Go through the entries below and print, exactly, the lines starting at the one with "y = of_real" and ending at the one with "pi(t) is x_t.\<close>", keeping both ends and no others.

======== Input records

(* Let $N\ge1$ and let $a_0,\dots,a_N$, $b_0,\dots,b_N$, $c_0,\dots,c_N$ be real numbers such that the $a_i$ are pairwise distinct, the $b_j$ are pairwise distinct, and the $c_k$ are pairwise distinct. Then the $\binom{N+3}{3}$ operators $$(a_i\mathbb{I}+b_j\sigma_X+c_k\sigma_Y+\sigma_Z)^{\otimes N},\qquad i,j,k\in\mathbb{Z}_{\ge0},\ i+j+k\le N,$$ are linearly independent over $\mathbb{R}$ and form a basis of the real vector space $\mathrm{Sym}_N(G_1)$ of permutation-invariant Hermitian operators on $N$ qubits.
   Context: $\mathbb{I},\sigma_X,\sigma_Y,\sigma_Z$ denote the $2\times2$ identity and Pauli matrices. For $\pi\in S_N$, $P(\pi)$ is the unitary on $(\mathbb{C}^2)^{\otimes N}$ permuting the tensor factors according to $\pi$. $\mathrm{Sym}_N(G_1)$ is the real vector space of Hermitian operators $M$ on $(\mathbb{C}^2)^{\otimes N}$ with $P(\pi)MP(\pi)^\dagger=M$ for all $\pi\in S_N$; it has real dimension $\binom{N+3}{3}$. *)

theory Defs
  imports "HOL-Analysis.Analysis" "HOL-Combinatorics.Permutations"
begin

text \<open>Operators on (C^2)^(tensor N): matrices indexed by computational basis states,
  i.e. bit lists of length N (False = |0>, True = |1>).\<close>

type_synonym qop = "bool list \<Rightarrow> bool list \<Rightarrow> complex"
type_synonym qmat2 = "bool \<Rightarrow> bool \<Rightarrow> complex"

definition idM :: qmat2 where "idM x y = (if x = y then 1 else 0)"
definition sigX :: qmat2 where "sigX x y = (if x \<noteq> y then 1 else 0)"
definition sigY :: qmat2 where
  "sigY x y = (if x = False \<and> y = True then - \<i> else if x = True \<and> y = False then \<i> else 0)"
definition sigZ :: qmat2 where
  "sigZ x y = (if x = y then (if x then -1 else 1) else 0)"

definition pauli_comb :: "real \<Rightarrow> real \<Rightarrow> real \<Rightarrow> qmat2" where
  "pauli_comb a b c x y = of_real a * idM x y + of_real b * sigX x y + of_real c * sigY x y + sigZ x y"

definition states :: "nat \<Rightarrow> bool list set" where
  "states N = {xs. length xs = N}"

definition qubit_ops :: "nat \<Rightarrow> qop set" where
  "qubit_ops N = {M. \<forall>xs ys. (xs \<notin> states N \<or> ys \<notin> states N) \<longrightarrow> M xs ys = 0}"

definition tensor_pow :: "nat \<Rightarrow> qmat2 \<Rightarrow> qop" where
  "tensor_pow N A xs ys =
     (if xs \<in> states N \<and> ys \<in> states N then (\<Prod>t<N. A (xs ! t) (ys ! t)) else 0)"

definition op_mult :: "nat \<Rightarrow> qop \<Rightarrow> qop \<Rightarrow> qop" where
  "op_mult N M1 M2 xs ys = (\<Sum>zs\<in>states N. M1 xs zs * M2 zs ys)"

definition adjoint_op :: "qop \<Rightarrow> qop" where
  "adjoint_op M xs ys = cnj (M ys xs)"

text \<open>P(pi): permutes the tensor factors, |x_0..x_{N-1}> maps to the state whose factor
  pi(t) is x_t.\<close>
definition permute_state :: "nat \<Rightarrow> (nat \<Rightarrow> nat) \<Rightarrow> bool list \<Rightarrow> bool list" where
  "permute_state N \<pi> xs = map (\<lambda>t. xs ! (inv \<pi> t)) [0..<N]"

definition perm_op :: "nat \<Rightarrow> (nat \<Rightarrow> nat) \<Rightarrow> qop" where
  "perm_op N \<pi> xs ys = (if xs \<in> states N \<and> ys \<in> states N \<and> xs = permute_state N \<pi> ys then 1 else 0)"

definition hermitian_op :: "qop \<Rightarrow> bool" where
  "hermitian_op M \<longleftrightarrow> adjoint_op M = M"

definition Sym_ops :: "nat \<Rightarrow> qop set" where
  "Sym_ops N = {M \<in> qubit_ops N. hermitian_op M \<and>
      (\<forall>\<pi>. \<pi> permutes {..<N} \<longrightarrow>
         op_mult N (op_mult N (perm_op N \<pi>) M) (adjoint_op (perm_op N \<pi>)) = M)}"

definition real_comb :: "'i set \<Rightarrow> ('i \<Rightarrow> real) \<Rightarrow> ('i \<Rightarrow> qop) \<Rightarrow> qop" where
  "real_comb I r F xs ys = (\<Sum>t\<in>I. complex_of_real (r t) * F t xs ys)"

end

theory Submission
  imports Defs "HOL-Library.Function_Algebras"
begin

text \<open>
  Independence is detected by product functionals \<open>M \<mapsto> \<Sum>x y. (\<Prod>t. w t (x!t) (y!t)) * M x y\<close>,
  which factorise on tensor powers. For one qubit there are weights pairing \<open>a I + b X + c Y + Z\<close>
  with \<open>a - \<alpha>\<close>, \<open>b - \<beta>\<close>, \<open>c - \<gamma>\<close> and \<open>1\<close>. Taking \<open>\<alpha> = a 0, \<dots>, a (i0 - 1)\<close> on the first
  \<open>i0\<close> factors, then \<open>\<beta> = b 0, \<dots>, b (j0 - 1)\<close>, then \<open>\<gamma> = c 0, \<dots>, c (k0 - 1)\<close>, and the last
  weight on the remaining factors, the operator with index \<open>(i, j, k)\<close> is sent to
  \<open>\<Prod>t<i0. (a i - a t) \<cdot> \<Prod>t<j0. (b j - b t) \<cdot> \<Prod>t<k0. (c k - c t)\<close>. This vanishes unless
  \<open>i0 \<le> i\<close>, \<open>j0 \<le> j\<close>, \<open>k0 \<le> k\<close>, and is non-zero for \<open>(i, j, k) = (i0, j0, k0)\<close> by distinctness,
  so the pairing matrix is triangular with respect to \<open>i + j + k\<close>.

  An operator commuting with all qubit permutations has entries \<open>M x y\<close> that depend only on the
  numbers of positions where \<open>(x!t, y!t)\<close> is \<open>(0, 0)\<close>, \<open>(0, 1)\<close> and \<open>(1, 0)\<close>, a triple with sum
  at most \<open>N\<close>. Together with hermiticity this gives a spanning family of \<open>Sym_ops N\<close> indexed by the
  same \<open>(N + 3) choose 3\<close> triples, and an independent family of that size must span.
\<close>

definition triples_le :: "nat \<Rightarrow> (nat \<times> nat \<times> nat) set" where
  "triples_le N = {(i, j, k). i + j + k \<le> N}"

definition pauli_tensor ::
    "nat \<Rightarrow> (nat \<Rightarrow> real) \<Rightarrow> (nat \<Rightarrow> real) \<Rightarrow> (nat \<Rightarrow> real) \<Rightarrow> nat \<times> nat \<times> nat \<Rightarrow> qop" where
  "pauli_tensor N a b c = (\<lambda>(i, j, k). tensor_pow N (pauli_comb (a i) (b j) (c k)))"

lemma finite_triples_le: "finite (triples_le N)"
  unfolding triples_le_def by (rule finite_subset[of _ "{..N} \<times> {..N} \<times> {..N}"]) auto

lemma card_pairs_sum_le: "card {(i::nat, j::nat). i + j \<le> m} = (m + 2) choose 2"
proof (induction m)
  case 0
  have "{(i::nat, j::nat). i + j \<le> 0} = {(0, 0)}" by auto
  then show ?case by (simp add: numeral_2_eq_2)
next
  case (Suc m)
  have split: "{(i::nat, j::nat). i + j \<le> Suc m}
      = {(i, j). i + j \<le> m} \<union> (\<lambda>i. (i, Suc m - i)) ` {..Suc m}"
    by (auto simp: image_iff)
  have "finite {(i::nat, j::nat). i + j \<le> m}"
    by (rule finite_subset[of _ "{..m} \<times> {..m}"]) auto
  moreover have "card ((\<lambda>i. (i, Suc m - i)) ` {..Suc m}) = Suc (Suc m)"
    by (subst card_image) (auto simp: inj_on_def)
  ultimately have "card {(i::nat, j::nat). i + j \<le> Suc m} = card {(i::nat, j::nat). i + j \<le> m} + Suc (Suc m)"
    unfolding split by (subst card_Un_disjoint) auto
  then show ?case using Suc by (simp add: numeral_2_eq_2)
qed

lemma card_triples_sum_eq: "card {(i::nat, j::nat, k::nat). i + j + k = m} = (m + 2) choose 2"
proof -
  have "{(i::nat, j::nat, k::nat). i + j + k = m} = (\<lambda>(i, j). (i, j, m - i - j)) ` {(i, j). i + j \<le> m}"
    by (auto simp: image_iff)
  moreover have "inj_on (\<lambda>(i::nat, j::nat). (i, j, m - i - j)) {(i, j). i + j \<le> m}"
    by (auto simp: inj_on_def)
  ultimately show ?thesis by (simp add: card_image card_pairs_sum_le)
qed

lemma card_triples_le: "card (triples_le N) = (N + 3) choose 3"
proof (induction N)
  case 0
  have "triples_le 0 = {(0, 0, 0)}" by (auto simp: triples_le_def)
  then show ?case by (simp add: numeral_3_eq_3)
next
  case (Suc m)
  have split: "triples_le (Suc m) = triples_le m \<union> {(i, j, k). i + j + k = Suc m}"
    by (auto simp: triples_le_def)
  have "finite {(i::nat, j::nat, k::nat). i + j + k = Suc m}"
    by (rule finite_subset[OF _ finite_triples_le[of "Suc m"]]) (auto simp: triples_le_def)
  then have "card (triples_le (Suc m)) = ((m + 3) choose 3) + ((Suc m + 2) choose 2)"
    unfolding split using finite_triples_le Suc card_triples_sum_eq
    by (subst card_Un_disjoint) (auto simp: triples_le_def)
  then show ?case by (simp add: numeral_3_eq_3 numeral_2_eq_2)
qed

================

Answer area:
  "pauli_comb a b c x y = of_real a * idM x y + of_real b * sigX x y + of_real c * sigY x y + sigZ x y"

definition states :: "nat \<Rightarrow> bool list set" where
  "states N = {xs. length xs = N}"

definition qubit_ops :: "nat \<Rightarrow> qop set" where
  "qubit_ops N = {M. \<forall>xs ys. (xs \<notin> states N \<or> ys \<notin> states N) \<longrightarrow> M xs ys = 0}"

definition tensor_pow :: "nat \<Rightarrow> qmat2 \<Rightarrow> qop" where
  "tensor_pow N A xs ys =
     (if xs \<in> states N \<and> ys \<in> states N then (\<Prod>t<N. A (xs ! t) (ys ! t)) else 0)"

definition op_mult :: "nat \<Rightarrow> qop \<Rightarrow> qop \<Rightarrow> qop" where
  "op_mult N M1 M2 xs ys = (\<Sum>zs\<in>states N. M1 xs zs * M2 zs ys)"

definition adjoint_op :: "qop \<Rightarrow> qop" where
  "adjoint_op M xs ys = cnj (M ys xs)"

text \<open>P(pi): permutes the tensor factors, |x_0..x_{N-1}> maps to the state whose factor
  pi(t) is x_t.\<close>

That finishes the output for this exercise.